The role of the surface energy in nuclear octupole excitations
Khlood Alharthi, Paul Stevenson
TL;DR
The paper investigates how the nuclear surface energy controls octupole vibrational modes in the doubly magic nucleus $^{208}$Pb using time-dependent density functional theory with Sky3d and a family of Skyrme SLy5sX interactions that vary the surface energy via $a_{surf}^{HF}$. Ground states are prepared by static HF, then an octupole boost $e^{i k r^3 Y_{30}}$ triggers real-time dynamics, from which the $3^-$ excitation energy $E_{3^-}$ is extracted through the Fourier transform of the time-dependent octupole moment. A strong positive linear correlation is found: $E_{3^-}=0.1506\,a_{surf}^{HF}+0.4812$, indicating that lower surface energy costs reduce the octupole energy, though the calculated values lie above the experimental $E_{3^-}$~2.614 MeV, highlighting systematic effects beyond surface energy.
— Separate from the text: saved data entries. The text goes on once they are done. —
lemma energetic_residual_extends:
  assumes "finite F" "orthonormal_system F k u" "0 \<le> \<delta>"
    and energetic: "\<delta> * real (card V) < energy F V (residual F k u (incidence v))"
  shows "\<exists>w. orthonormal_system F (Suc k) (u(k := w)) \<and> \<delta> * real (card V) < energy F V w"
proof -
  define r where "r = residual F k u (incidence v)"
  have r_pos: "avg_inner F r r > 0"
  proof (rule ccontr)
    assume "\<not> avg_inner F r r > 0"
    hence "avg_inner F r r = 0" using avg_inner_self_nonneg[of F r] by simp
    hence "energy F V r = 0"
      using avg_inner_eq_0_if_self_eq_0[OF assms(1)] by (simp add: energy_def)
    moreover have "0 \<le> \<delta> * real (card V)" using assms(3) by simp
    ultimately show False using energetic unfolding r_def by linarith
  qed
  have r_le: "avg_inner F r r \<le> 1"
    using avg_inner_self_residual[OF assms(2), of "incidence v"]
      avg_inner_incidence_self_le_1[OF assms(1), of v]
      sum_nonneg[of "{..<k}" "\<lambda>i. (avg_inner F (incidence v) (u i))\<^sup>2"]
    by (simp add: r_def)
  let ?w = "\<lambda>A. r A / sqrt (avg_inner F r r)"
  have "energy F V r \<le> energy F V r / avg_inner F r r"
    using r_pos r_le energy_nonneg[of F V r] by (simp add: le_divide_eq mult_left_le)
  also have "\<dots> = energy F V ?w" using r_pos by (simp add: energy_divide)
  finally have "\<delta> * real (card V) < energy F V ?w" using energetic unfolding r_def by linarith
  moreover have "orthonormal_system F (Suc k) (u(k := ?w))"
    using orthonormal_system_extend[OF assms(2) r_pos] avg_inner_residual_orthogonal[OF assms(2)]
    unfolding r_def by blast
  ultimately show ?thesis by blast
qed

lemma exists_orthonormal_small_residuals:
  assumes F: "finite F" and V: "finite V" and \<delta>: "0 < \<delta>"
  shows "\<exists>k u. orthonormal_system F k u \<and> real k * \<delta> \<le> 1 \<and>
     (\<forall>v\<in>V. energy F V (residual F k u (incidence v)) \<le> \<delta> * real (card V))"
proof -
  define S where "S = {k. \<exists>u. orthonormal_system F k u \<and>
                            (\<forall>i<k. \<delta> * real (card V) < energy F V (u i))}"
  have S_bound: "real k * \<delta> \<le> 1" if "k \<in> S" for k
    using that card_energetic_orthonormal_le[OF F V] unfolding S_def by blast
  have "S \<subseteq> {..nat \<lceil>1 / \<delta>\<rceil>}"
  proof
    fix k assume "k \<in> S"
    hence "real k \<le> 1 / \<delta>" using S_bound \<delta> by (simp add: field_simps)
    thus "k \<in> {..nat \<lceil>1 / \<delta>\<rceil>}" by (simp add: le_nat_iff le_ceiling_iff)
  qed
  hence "finite S" by (rule finite_subset) simp
  moreover have "0 \<in> S" by (auto simp: S_def orthonormal_system_def)
  ultimately have k_S: "Max S \<in> S" and k_max: "\<And>k. k \<in> S \<Longrightarrow> k \<le> Max S"
    by (auto intro: Max_in)
  then obtain u where u: "orthonormal_system F (Max S) u"
    and u_energetic: "\<And>i. i < Max S \<Longrightarrow> \<delta> * real (card V) < energy F V (u i)"
    unfolding S_def by blast
  have "energy F V (residual F (Max S) u (incidence v)) \<le> \<delta> * real (card V)" if "v \<in> V" for v
  proof (rule ccontr)
    assume "\<not> ?thesis"
    then obtain w where "orthonormal_system F (Suc (Max S)) (u(Max S := w))"
      and "\<delta> * real (card V) < energy F V w"
      using energetic_residual_extends[OF F u] \<delta> by (meson less_imp_le not_le)
    hence "Suc (Max S) \<in> S" using u_energetic unfolding S_def by (auto simp: less_Suc_eq)
    thus False using k_max by fastforce
  qed
  thus ?thesis using u S_bound[OF k_S] by blast
qed

lemma card_large_le_sum_squares:
  assumes "finite V" "0 \<le> \<theta>"
  shows "real (card {z\<in>V. \<theta> < \<bar>t z\<bar>}) * \<theta>\<^sup>2 \<le> (\<Sum>z\<in>V. (t z)\<^sup>2)"
proof -
  have "real (card {z\<in>V. \<theta> < \<bar>t z\<bar>}) * \<theta>\<^sup>2 = (\<Sum>z\<in>{z\<in>V. \<theta> < \<bar>t z\<bar>}. \<theta>\<^sup>2)" by simp
  also have "\<dots> \<le> (\<Sum>z\<in>{z\<in>V. \<theta> < \<bar>t z\<bar>}. (t z)\<^sup>2)"
    using assms(2) by (intro sum_mono) (simp add: abs_le_square_iff[symmetric])
  also have "\<dots> \<le> (\<Sum>z\<in>V. (t z)\<^sup>2)" using assms(1) by (intro sum_mono2) auto
  finally show ?thesis .
qed

lemma Deps_diff_subset_large_residual_pairings:
  assumes F: "finite F" "F \<noteq> {}" and u: "orthonormal_system F k u"
    and close: "(\<Sum>i<k. \<bar>avg_inner F (incidence x) (u i) - avg_inner F (incidence y) (u i)\<bar>) \<le> \<epsilon> / 3"
  shows "Deps V F 0 x - Deps V F \<epsilon> y \<subseteq>
           {z\<in>V. \<epsilon> / 3 < \<bar>avg_inner F (residual F k u (incidence x)) (incidence z)\<bar>} \<union>
           {z\<in>V. \<epsilon> / 3 < \<bar>avg_inner F (residual F k u (incidence y)) (incidence z)\<bar>}"
proof
  fix z assume z: "z \<in> Deps V F 0 x - Deps V F \<epsilon> y"
  have card_F: "real (card F) > 0" using F by (simp add: card_gt_0_iff)
  have x_z: "avg_inner F (incidence x) (incidence z) = 0"
    using z by (simp add: Deps_def avg_inner_incidence[OF F(1)])
  have "\<epsilon> * real (card F) < real (card (fam_xy F y z))" using z by (auto simp: Deps_def)
  hence y_z: "avg_inner F (incidence y) (incidence z) > \<epsilon>"
    using card_F by (simp add: avg_inner_incidence[OF F(1)] field_simps)
  define c where "c w i = avg_inner F (incidence w) (u i)" for w i
  have "\<bar>(\<Sum>i<k. c y i * avg_inner F (u i) (incidence z)) - (\<Sum>i<k. c x i * avg_inner F (u i) (incidence z))\<bar>
        = \<bar>\<Sum>i<k. (c y i - c x i) * avg_inner F (u i) (incidence z)\<bar>"
    by (simp add: sum_subtractf left_diff_distrib)
  also have "\<dots> \<le> (\<Sum>i<k. \<bar>c x i - c y i\<bar> * \<bar>avg_inner F (u i) (incidence z)\<bar>)"
    by (rule order.trans[OF sum_abs]) (simp add: abs_mult abs_minus_commute)
  also have "\<dots> \<le> (\<Sum>i<k. \<bar>c x i - c y i\<bar>)"
    using abs_avg_inner_incidence_orthonormal_le_1[OF F(1) u]
    by (intro sum_mono) (simp add: avg_inner_commute mult_left_le)
  finally have "\<bar>(\<Sum>i<k. c y i * avg_inner F (u i) (incidence z)) -
                 (\<Sum>i<k. c x i * avg_inner F (u i) (incidence z))\<bar> \<le> \<epsilon> / 3"
    using close unfolding c_def by linarith
  hence "\<epsilon> / 3 < \<bar>avg_inner F (residual F k u (incidence x)) (incidence z)\<bar> \<or>
         \<epsilon> / 3 < \<bar>avg_inner F (residual F k u (incidence y)) (incidence z)\<bar>"
    using x_z y_z avg_inner_residual_decomp[of F "incidence x" "incidence z" k u]
      avg_inner_residual_decomp[of F "incidence y" "incidence z" k u]
    unfolding c_def by linarith
  thus "z \<in> {z\<in>V. \<epsilon> / 3 < \<bar>avg_inner F (residual F k u (incidence x)) (incidence z)\<bar>} \<union>
            {z\<in>V. \<epsilon> / 3 < \<bar>avg_inner F (residual F k u (incidence y)) (incidence z)\<bar>}"
    using z by (auto simp: Deps_def)
qed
The result suggests that surface energy can be a constraint in Skyrme fits and that octupole excitations may provide a low-cost observable for tuning nuclear matter properties relevant to surface dynamics.
Abstract
Octupole excitations of atomic nuclei can be viewed as fluctuations around an equilibrium shape. These fluctuations in turn can be seen as probes of nuclear matter properties to the extent that the shape changes explore changes in compression, surface to volume ratio, or isospin overlap. In the present work we use a series of Skyrme interactions, which were fitted to provide a systematic range of surface energies, to explore the surface energy dependence of octupole excitations in $^{208}$Pb. We find a strong positive linear corelation between the surface energy of a Skyrme interaction and its prediction of the first $3^-$ octupole excitation energy.